According to Cushman & Wakefield, the first half of 2011 was the best period for the warehouse sector since the financial crisis. Following the boom years of 2006-2007 and stagnation in 2008-2009, the warehouse market recovered in 2010 and continued to gain momentum in the first six months of 2011. Take-up rose by 40 percent and the number of schemes under construction was nearly twice that of the corresponding period of 2010. The warehouse market is developing not only in new regions such as Rzeszów and Lublin, but also in established regions such as central Poland (Radomsko, BTS Manuli) and the Poznań region (Gorzów Wielkopolski, BTS Faurecia).

“Transaction volume reached nearly 941,000 sq m in the first half of 2011 with record take-up of 543,000 sq m in the second quarter,” said Malwina Kierebińska of Cushman & Wakefield’s industrial department. “Such strong demand has not been seen since early 2008. Leases for new space or extensions accounted for 75 percent of all deals. Demand came mostly from logistics operators (37 percent), electronics companies (14 percent) and the automotive sector (10 percent).”

With 40 percent market share, Prologis dominated the development market, with renewals accounting for nearly 50 percent of total deals, according to Cushman & Wakefield. It was followed by Panattoni (18 percent), Goodman (8 percent) and SEGRO (6.5 percent).
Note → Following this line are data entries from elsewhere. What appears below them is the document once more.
(* Let $\mathcal{G}$ be a groupoid and $K$ a commutative ring with unit. The $K$-SAC $K\mathcal{G}$ has a filtration $\{F_nK\mathcal{G}(p_0,p_1)\}_{n\ge0}$, $p_0,p_1\in\operatorname{Ob}\mathcal{G}$, such that $F_nK\mathcal{G}(q,q)=I\mathcal{G}(q,q)^n$ for all $q$ and $n\ge0$. The filtered $K$-SAC $K\mathcal{G}$ satisfies conditions (C1) and (C4).
   Context: $K\mathcal{G}$ has the same objects as $\mathcal{G}$ and $K\mathcal{G}(p_0,p_1)$ the free $K$-module on $\mathcal{G}(p_0,p_1)$, with bilinearly extended multiplication $\gamma_1\gamma_2:=\gamma_2\circ\gamma_1$. $I\mathcal{G}(q,q)$ is the augmentation ideal (kernel of $\sum a_i\gamma_i\mapsto\sum a_i$) of the group ring $K\mathcal{G}(q,q)$. A filtration on a $K$-SAC $\mathcal{R}$ (a small additive category with $K$-module hom-sets, $K$-bilinear multiplication, and an isomorphism in every non-zero hom-set) is a choice of $K$-submodules $\mathcal{R}(p_0,p_1)=F_0\supset F_1\supset\cdots$ with $F_{n_1}\mathcal{R}(p_0,p_1)\cdot F_{n_2}\mathcal{R}(p_1,p_2)\subset F_{n_1+n_2}\mathcal{R}(p_0,p_2)$. (C1): $\mathcal{R}(q,q)/F_1\mathcal{R}(q,q)\cong K$ for every object $q$. (C4): the multiplication $F_1\mathcal{R}(q,q)^{\otimes n}\to F_n\mathcal{R}(q,q)$ is surjective for every $q$ and $n\ge1$. *)

theory Defs
  imports Main
begin

definition groupoid ::
  "'o set \<Rightarrow> 'm set \<Rightarrow> ('m \<Rightarrow> 'o) \<Rightarrow> ('m \<Rightarrow> 'o) \<Rightarrow> ('m \<Rightarrow> 'm \<Rightarrow> 'm) \<Rightarrow> ('o \<Rightarrow> 'm) \<Rightarrow> bool"
where
  "groupoid Obj Mor src tgt cmp ide \<longleftrightarrow>
     (\<forall>f\<in>Mor. src f \<in> Obj \<and> tgt f \<in> Obj) \<and>
     (\<forall>f\<in>Mor. \<forall>g\<in>Mor. tgt f = src g \<longrightarrow>
         cmp g f \<in> Mor \<and> src (cmp g f) = src f \<and> tgt (cmp g f) = tgt g) \<and>
     (\<forall>f\<in>Mor. \<forall>g\<in>Mor. \<forall>h\<in>Mor. tgt f = src g \<longrightarrow> tgt g = src h \<longrightarrow>
         cmp h (cmp g f) = cmp (cmp h g) f) \<and>
     (\<forall>p\<in>Obj. ide p \<in> Mor \<and> src (ide p) = p \<and> tgt (ide p) = p) \<and>
     (\<forall>f\<in>Mor. cmp f (ide (src f)) = f \<and> cmp (ide (tgt f)) f = f) \<and>
     (\<forall>f\<in>Mor. \<exists>g\<in>Mor. src g = tgt f \<and> tgt g = src f \<and>
         cmp g f = ide (src f) \<and> cmp f g = ide (tgt f))"

definition hom :: "'m set \<Rightarrow> ('m \<Rightarrow> 'o) \<Rightarrow> ('m \<Rightarrow> 'o) \<Rightarrow> 'o \<Rightarrow> 'o \<Rightarrow> 'm set" where
  "hom Mor src tgt p0 p1 = {f \<in> Mor. src f = p0 \<and> tgt f = p1}"

definition supp :: "('m \<Rightarrow> 'k::zero) \<Rightarrow> 'm set" where
  "supp a = {g. a g \<noteq> 0}"

text \<open>KG(p0,p1): the free K-module on G(p0,p1), realised as finitely supported
  K-valued functions supported in G(p0,p1).\<close>
definition KG :: "'m set \<Rightarrow> ('m \<Rightarrow> 'o) \<Rightarrow> ('m \<Rightarrow> 'o) \<Rightarrow> 'o \<Rightarrow> 'o \<Rightarrow> ('m \<Rightarrow> 'k::zero) set" where
  "KG Mor src tgt p0 p1 = {a. finite (supp a) \<and> supp a \<subseteq> hom Mor src tgt p0 p1}"

text \<open>Bilinearly extended multiplication with gamma1 gamma2 := gamma2 o gamma1.\<close>
definition kmult :: "('m \<Rightarrow> 'o) \<Rightarrow> ('m \<Rightarrow> 'o) \<Rightarrow> ('m \<Rightarrow> 'm \<Rightarrow> 'm)
    \<Rightarrow> ('m \<Rightarrow> 'k::comm_ring_1) \<Rightarrow> ('m \<Rightarrow> 'k) \<Rightarrow> ('m \<Rightarrow> 'k)" where
  "kmult src tgt cmp a b = (\<lambda>h. \<Sum>(g1, g2) \<in> {(g1, g2). g1 \<in> supp a \<and> g2 \<in> supp b \<and>
        tgt g1 = src g2 \<and> cmp g2 g1 = h}. a g1 * b g2)"

definition kunit :: "('o \<Rightarrow> 'm) \<Rightarrow> 'o \<Rightarrow> ('m \<Rightarrow> 'k::comm_ring_1)" where
  "kunit ide q = (\<lambda>g. if g = ide q then 1 else 0)"

definition aug :: "('m \<Rightarrow> 'k::comm_ring_1) \<Rightarrow> 'k" where
  "aug a = (\<Sum>g\<in>supp a. a g)"

definition aug_ideal :: "'m set \<Rightarrow> ('m \<Rightarrow> 'o) \<Rightarrow> ('m \<Rightarrow> 'o) \<Rightarrow> 'o \<Rightarrow> ('m \<Rightarrow> 'k::comm_ring_1) set" where
  "aug_ideal Mor src tgt q = {a \<in> KG Mor src tgt q q. aug a = 0}"

inductive_set add_span :: "('m \<Rightarrow> 'k::comm_ring_1) set \<Rightarrow> ('m \<Rightarrow> 'k) set" for S where
  gen: "x \<in> S \<Longrightarrow> x \<in> add_span S"
| zero: "(\<lambda>_. 0) \<in> add_span S"
| add: "x \<in> add_span S \<Longrightarrow> y \<in> add_span S \<Longrightarrow> (\<lambda>g. x g + y g) \<in> add_span S"
| neg: "x \<in> add_span S \<Longrightarrow> (\<lambda>g. - x g) \<in> add_span S"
Some 136,000 sq m of warehouse space was delivered in the first half of 2011. The largest completions included Zelmer’s scheme in Rzeszów (32,500 sq m), developed by Panattoni; phase I of Good Point II in Góra Kalwaria (21,900 sq m); the first building of Kraków Airport Logistics Center (Goodman, 13,400 sq m) and Danone’s building in Panattoni Park ¦więcice (13,600 sq m). At the end of the second quarter 336,000 sq m was under construction, and as in the previous year some 80 percent of this space was leased. Schemes to be completed without pre-lets accounted for only 63,000 sq m. Despite the upturn in the market, speculative projects were rare and usually developed as small modules in buildings with some pre-lets secured, for example small business units in Tulipan Park ŁódĽ. Regions with the largest warehouse development volume under construction include Upper Silesia (81,000 sq m), Wrocław (66,000 sq m) and central Poland (54,000 sq m). At the end of June 2011 the vacancy rate reached 12.9 percent, down by 2.1 percentage points from the level at the end of the previous year.